According to a report by Wired magazine, several tech giants including Apple, Nvidia, Anthropic, and Salesforce have been found using thousands of YouTube videos without permission to train their artificial intelligence models, sparking serious copyright and ethical controversies.
The report reveals that these companies integrated various YouTube video captions into their AI training datasets. The affected creators range widely, including well-known bloggers like MKBHD, MrBeast, and Jacksepticeye, talk show hosts Stephen Colbert, John Oliver, and Jimmy Kimmel, as well as educational channels from institutions such as MIT, Khan Academy, Harvard University, and mainstream media outlets like The Wall Street Journal and NPR.

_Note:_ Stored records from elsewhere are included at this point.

(* Let $T>0$, let $f,h,g:[0,T]\to\mathbb{R}$ be continuous with $g$ not identically zero, and let $\mathbf{m},x_0,x_T\in\mathbb{R}^d$. For a control $\mathbf{u}:[0,T]\to\mathbb{R}^d$ let $\mathbf{x}^u$ solve $\frac{d\mathbf{x}_t}{dt}=f_t\mathbf{x}_t+h_t\mathbf{m}+g_t\mathbf{u}_t$, $\mathbf{x}^u_0=x_0$, and for $\gamma\in(0,\infty)$ let $$\mathcal{J}(\mathbf{u},\gamma)=\int_0^T\tfrac12\|\mathbf{u}_t\|_2^2\,dt+\tfrac\gamma2\|\mathbf{x}^u_T-x_T\|_2^2 .$$ Let $\mathbf{u}^*_{\cdot,\gamma}$ be the optimal control minimizing $\mathcal{J}(\cdot,\gamma)$, and let $\mathbf{u}^*_{t,\infty}=\lim_{\gamma\to\infty}\mathbf{u}^*_{t,\gamma}$ (for each $t$), and define $$\mathcal{J}(\mathbf{u}^*_{\cdot,\infty},\infty)=\int_0^T\tfrac12\|\mathbf{u}^*_{t,\infty}\|_2^2\,dt+\lim_{\gamma\to\infty}\tfrac\gamma2\|\mathbf{x}^{u^*_{\gamma}}_T-x_T\|_2^2 .$$ Then for every $\gamma\in(0,\infty)$, $$\mathcal{J}(\mathbf{u}^*_{\cdot,\gamma},\gamma)\le\mathcal{J}(\mathbf{u}^*_{\cdot,\infty},\infty).$$
   Context: Notation: $\bar f_t=\int_0^t f_z\,dz$, $\bar h_T=\int_0^T e^{-\bar f_z}h_z\,dz$, $\bar g^2_T=\int_0^T e^{-2\bar f_z}g_z^2\,dz$, $a=e^{\bar f_T}x_0+\mathbf{m}e^{\bar f_T}\bar h_T-x_T$. Explicitly the optimal control is $\mathbf{u}^*_{t,\gamma}=-g_te^{\bar f_T-\bar f_t}\,a/(\gamma^{-1}+e^{2\bar f_T}\bar g^2_T)$, so $\mathbf{u}^*_{t,\infty}=-g_te^{\bar f_T-\bar f_t}\,a/(e^{2\bar f_T}\bar g^2_T)$, which steers $x_0$ exactly to $x_T$; the limit term in $\mathcal{J}(\mathbf{u}^*_{\cdot,\infty},\infty)$ equals $0$. *)

theory Defs
  imports "HOL-Analysis.Analysis"
begin

definition admissible :: "real \<Rightarrow> (real \<Rightarrow> real^'d) \<Rightarrow> bool" where
  "admissible T u \<longleftrightarrow> continuous_on {0..T} u"

definition solves_state ::
  "real \<Rightarrow> (real \<Rightarrow> real) \<Rightarrow> (real \<Rightarrow> real) \<Rightarrow> (real \<Rightarrow> real) \<Rightarrow> real^'d \<Rightarrow> real^'d
    \<Rightarrow> (real \<Rightarrow> real^'d) \<Rightarrow> (real \<Rightarrow> real^'d) \<Rightarrow> bool" where
  "solves_state T f h g m x0 u x \<longleftrightarrow>
     x 0 = x0 \<and>
     (\<forall>t\<in>{0..T}. (x has_vector_derivative (f t *\<^sub>R x t + h t *\<^sub>R m + g t *\<^sub>R u t)) (at t within {0..T}))"
lemma tendsto_at_right_of_square_values:
  fixes g :: "real \<times> real \<Rightarrow> 'a::metric_space"
  assumes "isCont g (a, b)"
    and "eventually (\<lambda>t. \<exists>z\<in>{a<..<a+t}. \<exists>w\<in>{b<..<b+t}. h t = g (z, w)) (at_right 0)"
  shows "(h \<longlongrightarrow> g (a, b)) (at_right 0)"
proof (rule tendstoI)
  fix e :: real assume "e > 0"
  then obtain d where "d > 0" and d: "\<And>x. dist x (a, b) < d \<Longrightarrow> dist (g x) (g (a, b)) < e"
    using assms(1) unfolding continuous_at_eps_delta by blast
  have "eventually (\<lambda>t. t < d / 2) (at_right 0)"
    using \<open>d > 0\<close> by (auto simp: eventually_at_right_field intro!: exI[of _ "d / 2"])
  with assms(2) show "eventually (\<lambda>t. dist (h t) (g (a, b)) < e) (at_right 0)"
  proof eventually_elim
    case (elim t)
    then obtain z w where "z \<in> {a<..<a+t}" "w \<in> {b<..<b+t}" "h t = g (z, w)"
      by blast
    moreover from this have "dist (z, w) (a, b) < d"
      using dist_corner_le[of z w a t b] elim by simp
    ultimately show ?case
      using d by simp
  qed
qed

lemma second_difference_quotient_tendsto:
  fixes f fu fuv :: "real \<times> real \<Rightarrow> real"
  assumes "open S" "(a, b) \<in> S"
    and fu: "\<And>x. x \<in> S \<Longrightarrow> has_partial_derivative 1 f (fu x) x"
    and fuv: "\<And>x. x \<in> S \<Longrightarrow> has_partial_derivative 2 fu (fuv x) x"
    and "isCont fuv (a, b)"
  shows "((\<lambda>t. (f (a+t, b+t) - f (a+t, b) - f (a, b+t) + f (a, b)) / t\<^sup>2) \<longlongrightarrow> fuv (a, b))
           (at_right 0)"
proof (rule tendsto_at_right_of_square_values[OF assms(5)])
  have "eventually (\<lambda>t. 0 < t \<and> {a..a+t} \<times> {b..b+t} \<subseteq> S) (at_right 0)"
    using eventually_square_subset[OF assms(1,2)] eventually_at_right_less[of 0]
    by (auto elim: eventually_conj)
  then show "eventually (\<lambda>t. \<exists>z\<in>{a<..<a+t}. \<exists>w\<in>{b<..<b+t}.
      (f (a+t, b+t) - f (a+t, b) - f (a, b+t) + f (a, b)) / t\<^sup>2 = fuv (z, w)) (at_right 0)"
  proof eventually_elim
    case (elim t)
    then obtain z w where zw: "z \<in> {a<..<a+t}" "w \<in> {b<..<b+t}"
        "f (a+t, b+t) - f (a+t, b) - f (a, b+t) + f (a, b) = t\<^sup>2 * fuv (z, w)"
      using second_difference_mean_value[of t a b f fu fuv] fu fuv by blast
    then have "(f (a+t, b+t) - f (a+t, b) - f (a, b+t) + f (a, b)) / t\<^sup>2 = fuv (z, w)"
      using elim by simp
    with zw show ?case
      by blast
  qed
qed

lemma mixed_partials_eq_real:
  fixes f fu fv fuv fvu :: "real \<times> real \<Rightarrow> real"
  assumes "open S" "q \<in> S"
    and fu: "\<And>x. x \<in> S \<Longrightarrow> has_partial_derivative 1 f (fu x) x"
    and fv: "\<And>x. x \<in> S \<Longrightarrow> has_partial_derivative 2 f (fv x) x"
    and fuv: "\<And>x. x \<in> S \<Longrightarrow> has_partial_derivative 2 fu (fuv x) x"
    and fvu: "\<And>x. x \<in> S \<Longrightarrow> has_partial_derivative 1 fv (fvu x) x"
    and "isCont fuv q" "isCont fvu q"
  shows "fuv q = fvu q"
proof -
  obtain a b where q: "q = (a, b)"
    by fastforce
  define D where "D t = (f (a+t, b+t) - f (a+t, b) - f (a, b+t) + f (a, b)) / t\<^sup>2" for t
  have "(D \<longlongrightarrow> fuv (a, b)) (at_right 0)"
    unfolding D_def using assms q by (intro second_difference_quotient_tendsto[OF assms(1)]) simp_all
  moreover have "(D \<longlongrightarrow> fvu (a, b)) (at_right 0)"
  proof -
    \<comment> \<open>the same quotient, read with the roles of \<open>u\<close> and \<open>v\<close> exchanged\<close>
    have "((\<lambda>t. (f (prod.swap (b+t, a+t)) - f (prod.swap (b+t, a)) - f (prod.swap (b, a+t))
                 + f (prod.swap (b, a))) / t\<^sup>2) \<longlongrightarrow> fvu (prod.swap (b, a))) (at_right 0)"
    proof (rule second_difference_quotient_tendsto[where S = "prod.swap -` S"])
      show "open (prod.swap -` S)"
        by (rule open_vimage[OF assms(1) continuous_on_swap])
      show "isCont (\<lambda>x. fvu (prod.swap x)) (b, a)"
        using assms(8) q by (intro isCont_o2[OF isCont_swap]) simp
      show "has_partial_derivative 1 (\<lambda>x. f (prod.swap x)) (fv (prod.swap x)) x"
        if "x \<in> prod.swap -` S" for x
        unfolding has_partial_derivative_swap using fv[of "prod.swap x"] that by simp
      show "has_partial_derivative 2 (\<lambda>x. fv (prod.swap x)) (fvu (prod.swap x)) x"
        if "x \<in> prod.swap -` S" for x
        unfolding has_partial_derivative_swap using fvu[of "prod.swap x"] that by simp
    qed (use assms(2) q in simp)
    then show ?thesis
      unfolding D_def by (simp add: algebra_simps)
  qed
  ultimately show ?thesis
    using tendsto_unique[OF trivial_limit_at_right_real] q by blast
qed

lemma pd_commute:
  fixes f :: "real \<times> real \<Rightarrow> 'a::real_inner"
  assumes "open S" "Ck 2 f S" "q \<in> S"
  shows "pd i (pd j f) q = pd j (pd i f) q"
proof -
  have C2: "Ck (Suc (Suc 0)) f S"
    using assms(2) by (simp add: numeral_2_eq_2)
  have mixed: "pd 2 (pd 1 f) q = pd 1 (pd 2 f) q"
  proof -
    define c where "c = pd 2 (pd 1 f) q - pd 1 (pd 2 f) q"
    have "pd 2 (pd 1 f) q \<bullet> c = pd 1 (pd 2 f) q \<bullet> c"
    proof (rule mixed_partials_eq_real[OF assms(1,3)])
      fix x assume "x \<in> S"
      then have "has_partial_derivative k (\<lambda>x. g x \<bullet> c) (pd k g x \<bullet> c) x"
        if "Ck (Suc l) g S" for k l and g :: "real \<times> real \<Rightarrow> 'a"
        using has_partial_derivative_inner[OF Ck_has_partial_derivative[OF that zero_less_Suc]
            has_partial_derivative_const] by simp
      then show "has_partial_derivative 1 (\<lambda>x. f x \<bullet> c) (pd 1 f x \<bullet> c) x"
        "has_partial_derivative 2 (\<lambda>x. f x \<bullet> c) (pd 2 f x \<bullet> c) x"
        "has_partial_derivative 2 (\<lambda>x. pd 1 f x \<bullet> c) (pd 2 (pd 1 f) x \<bullet> c) x"
        "has_partial_derivative 1 (\<lambda>x. pd 2 f x \<bullet> c) (pd 1 (pd 2 f) x \<bullet> c) x"
        using C2 Ck_pd[OF C2] by blast+
    next
      have "continuous_on S (pd 2 (pd 1 f))" "continuous_on S (pd 1 (pd 2 f))"
        using Ck_pd[OF Ck_pd[OF C2]] by simp_all
      then show "isCont (\<lambda>x. pd 2 (pd 1 f) x \<bullet> c) q" "isCont (\<lambda>x. pd 1 (pd 2 f) x \<bullet> c) q"
        using assms(1,3) by (auto simp: continuous_on_eq_continuous_at intro!: continuous_intros)
    qed
    then have "c \<bullet> c = 0"
      by (simp add: c_def inner_diff_left)
    then show ?thesis
      by (simp add: c_def)
  qed
  show ?thesis
    using mixed by (cases "i = 1"; cases "j = 1") (simp_all add: pd_def)
qed

lemma pd_pd_pd_commute:
  fixes f :: "real \<times> real \<Rightarrow> 'a::real_inner"
  assumes "open S" "Ck 3 f S" "q \<in> S"
  shows "pd k (pd i (pd j f)) q = pd j (pd i (pd k f)) q"
proof -
  have C2: "Ck 2 (pd l f) S" "Ck 2 f S" for l
    using Ck_pd[of 2 f S l] Ck_mono[of 2 3] assms(2) by (simp_all add: numeral_3_eq_3)
  have "pd k (pd i (pd j f)) q = pd i (pd k (pd j f)) q"
    using pd_commute[OF assms(1) C2(1) assms(3)] .
  also have "\<dots> = pd i (pd j (pd k f)) q"
    using pd_commute[OF assms(1) C2(2)] by (intro pd_cong[OF assms(1,3)]) simp
  also have "\<dots> = pd j (pd i (pd k f)) q"
    using pd_commute[OF assms(1) C2(1) assms(3)] .
  finally show ?thesis .
qed

section \<open>Orthogonal frames and Christoffel symbols\<close>

lemma sum_1_2: "(\<Sum>l\<in>{1,2::nat}. f l) = f 1 + f 2"
  by simp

Image source: The image was generated by AI, provided by the image licensing service Midjourney
These data were actually downloaded and organized by a non-profit organization called Eleuther AI. The organization included this content as part of their large dataset called "The Pile," initially intended to provide training materials for small developers and scholars. However, these datasets were subsequently utilized by major tech companies.
It is noteworthy that companies like Apple did not directly download these data from YouTube but used the datasets organized by Eleuther AI. Technically, it is Eleuther AI, not these tech companies, that directly violated YouTube's terms of use.
This incident has sparked discussions about the legality and ethics of AI training data sources. It highlights the importance of data copyright and usage permissions in the rapidly evolving AI field, as well as the inadequacies of existing laws and regulations in the face of these emerging technological challenges. At the same time, it brings new considerations for the balance of rights among creators, platforms, and AI companies.